=== Supplied data ===
(* Let $\{C(G_n,S_n)\}_{n\ge1}$ be a family of expanders (with $G_n$ finite groups and $S_n$ symmetric subsets) of degree bounded by $d$. Let $k\ge2$ be an integer and, for each $n$, let $\sigma_{1n},\dots,\sigma_{kn}$ be pairwise commuting automorphisms of $G_n$ of order at most $2$. Let $T_n=S_n\cup\bigcup_i\sigma_{in}(S_n)\cup\bigcup_{i,j}(\sigma_{in}\circ\sigma_{jn})(S_n)\cup\cdots\cup(\sigma_{1n}\circ\sigma_{2n}\circ\cdots\circ\sigma_{kn})(S_n)$, i.e. $T_n=\bigcup_{I\subseteq\{1,\dots,k\}}(\prod_{i\in I}\sigma_{in})(S_n)$. Then: (1) for each $1\le i\le k$, the twisted Cayley graphs $\{C(G_n,T_n)^{\sigma_{in}}\}_n$ form a family of expanders of degree bounded by $2^kd$; (2) for any $1\le i,j\le k$, the eigenvalues of the adjacency operators of $C(G_n,T_n)^{\sigma_{in}}$ and $C(G_n,T_n)^{\sigma_{jn}}$ coincide up to factors of $\pm1$.
   Context: $C(G,S)$ has vertex set $G$ and an edge from $x$ to $xs$ for each $s\in S$; for an automorphism $\tau$, $C(G,S)^\tau$ has an edge from $x$ to $\tau(xs)$. A family of expanders of degree bounded by $d$ is a sequence of finite undirected graphs of degree at most $d$, together with a constant $\varepsilon>0$ such that each graph is an $\varepsilon$-vertex expander: for every vertex set $A$ with $|A|\le|V|/2$, at least $\varepsilon|A|$ vertices outside $A$ are adjacent to some vertex of $A$. "Up to factors of $\pm1$" means there is a bijection between the multisets of eigenvalues under which each eigenvalue is sent to itself or its negative. *)

theory Defs
  imports "HOL-Algebra.Group" "Jordan_Normal_Form.Char_Poly" "HOL-Library.Multiset"
begin

definition vertex_boundary :: "'a set \<Rightarrow> ('a \<Rightarrow> 'a \<Rightarrow> bool) \<Rightarrow> 'a set \<Rightarrow> 'a set" where
  "vertex_boundary V adj A = {y \<in> V - A. \<exists>a\<in>A. adj a y}"

definition vertex_expander :: "'a set \<Rightarrow> ('a \<Rightarrow> 'a \<Rightarrow> bool) \<Rightarrow> real \<Rightarrow> bool" where
  "vertex_expander V adj \<epsilon> \<longleftrightarrow>
     (\<forall>A \<subseteq> V. real (card A) \<le> real (card V) / 2 \<longrightarrow>
        real (card (vertex_boundary V adj A)) \<ge> \<epsilon> * real (card A))"

definition undirected_bounded_degree :: "'a set \<Rightarrow> ('a \<Rightarrow> 'a \<Rightarrow> bool) \<Rightarrow> nat \<Rightarrow> bool" where
  "undirected_bounded_degree V adj d \<longleftrightarrow>
     finite V \<and> (\<forall>x\<in>V. \<forall>y\<in>V. adj x y \<longleftrightarrow> adj y x)
     \<and> (\<forall>x y. adj x y \<longrightarrow> x \<in> V \<and> y \<in> V)
     \<and> (\<forall>x\<in>V. card {y \<in> V. adj x y} \<le> d)"

definition expander_family ::
  "(nat \<Rightarrow> 'a set) \<Rightarrow> (nat \<Rightarrow> 'a \<Rightarrow> 'a \<Rightarrow> bool) \<Rightarrow> nat \<Rightarrow> bool" where
  "expander_family V adj d \<longleftrightarrow>
     (\<forall>n. undirected_bounded_degree (V n) (adj n) d) \<and>
     (\<exists>\<epsilon>>0. \<forall>n. vertex_expander (V n) (adj n) \<epsilon>)"

text \<open>C(G,S)^tau: edge from x to tau(x s) for each s in S. C(G,S) is the case tau = id.\<close>
definition cayley_adj :: "('a, 'b) monoid_scheme \<Rightarrow> 'a set \<Rightarrow> ('a \<Rightarrow> 'a) \<Rightarrow> 'a \<Rightarrow> 'a \<Rightarrow> bool" where
  "cayley_adj G S \<tau> x y \<longleftrightarrow> x \<in> carrier G \<and> (\<exists>s\<in>S. y = \<tau> (x \<otimes>\<^bsub>G\<^esub> s))"

text \<open>Adjacency operator (counting edges with multiplicity), as a matrix w.r.t. an
  enumeration of the group; its spectrum does not depend on the enumeration.\<close>
definition group_enum :: "('a, 'b) monoid_scheme \<Rightarrow> nat \<Rightarrow> 'a" where
  "group_enum G = (SOME e. bij_betw e {..<card (carrier G)} (carrier G))"

definition cayley_adj_matrix :: "('a, 'b) monoid_scheme \<Rightarrow> 'a set \<Rightarrow> ('a \<Rightarrow> 'a) \<Rightarrow> complex mat" where
  "cayley_adj_matrix G S \<tau> =
     (let N = card (carrier G); e = group_enum G in
      mat N N (\<lambda>(i, j). of_nat (card {s \<in> S. \<tau> (e i \<otimes>\<^bsub>G\<^esub> s) = e j})))"

definition eigenvalues_mset :: "complex mat \<Rightarrow> complex multiset" where
  "eigenvalues_mset A = proots (char_poly A)"

definition equal_up_to_sign :: "complex multiset \<Rightarrow> complex multiset \<Rightarrow> bool" where
  "equal_up_to_sign M N \<longleftrightarrow>
     (\<exists>xs ys. mset xs = M \<and> mset ys = N \<and> list_all2 (\<lambda>a b. b = a \<or> b = - a) xs ys)"

definition comp_over :: "(nat \<Rightarrow> 'a \<Rightarrow> 'a) \<Rightarrow> nat set \<Rightarrow> 'a \<Rightarrow> 'a" where
  "comp_over \<sigma> I = fold (\<lambda>i f. \<sigma> i \<circ> f) (sorted_list_of_set I) id"

definition twist_closure :: "(nat \<Rightarrow> 'a \<Rightarrow> 'a) \<Rightarrow> nat \<Rightarrow> 'a set \<Rightarrow> 'a set" where
  "twist_closure \<sigma> k S = (\<Union>I \<in> Pow {1..k}. comp_over \<sigma> I ` S)"

end

theory Submission
  imports Defs "HOL-Algebra.Coset" "Jordan_Normal_Form.Schur_Decomposition"
begin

=== Action item ===
When you reach the line containing "monoid_scheme \<Rightarrow> nat" in the listing, transcribe it and every line after it exactly, through the last line, and add nothing.

=== Exercise response ===
definition group_enum :: "('a, 'b) monoid_scheme \<Rightarrow> nat \<Rightarrow> 'a" where
  "group_enum G = (SOME e. bij_betw e {..<card (carrier G)} (carrier G))"

definition cayley_adj_matrix :: "('a, 'b) monoid_scheme \<Rightarrow> 'a set \<Rightarrow> ('a \<Rightarrow> 'a) \<Rightarrow> complex mat" where
  "cayley_adj_matrix G S \<tau> =
     (let N = card (carrier G); e = group_enum G in
      mat N N (\<lambda>(i, j). of_nat (card {s \<in> S. \<tau> (e i \<otimes>\<^bsub>G\<^esub> s) = e j})))"

definition eigenvalues_mset :: "complex mat \<Rightarrow> complex multiset" where
  "eigenvalues_mset A = proots (char_poly A)"

definition equal_up_to_sign :: "complex multiset \<Rightarrow> complex multiset \<Rightarrow> bool" where
  "equal_up_to_sign M N \<longleftrightarrow>
     (\<exists>xs ys. mset xs = M \<and> mset ys = N \<and> list_all2 (\<lambda>a b. b = a \<or> b = - a) xs ys)"

definition comp_over :: "(nat \<Rightarrow> 'a \<Rightarrow> 'a) \<Rightarrow> nat set \<Rightarrow> 'a \<Rightarrow> 'a" where
  "comp_over \<sigma> I = fold (\<lambda>i f. \<sigma> i \<circ> f) (sorted_list_of_set I) id"

definition twist_closure :: "(nat \<Rightarrow> 'a \<Rightarrow> 'a) \<Rightarrow> nat \<Rightarrow> 'a set \<Rightarrow> 'a set" where
  "twist_closure \<sigma> k S = (\<Union>I \<in> Pow {1..k}. comp_over \<sigma> I ` S)"

end

theory Submission
  imports Defs "HOL-Algebra.Coset" "Jordan_Normal_Form.Schur_Decomposition"
begin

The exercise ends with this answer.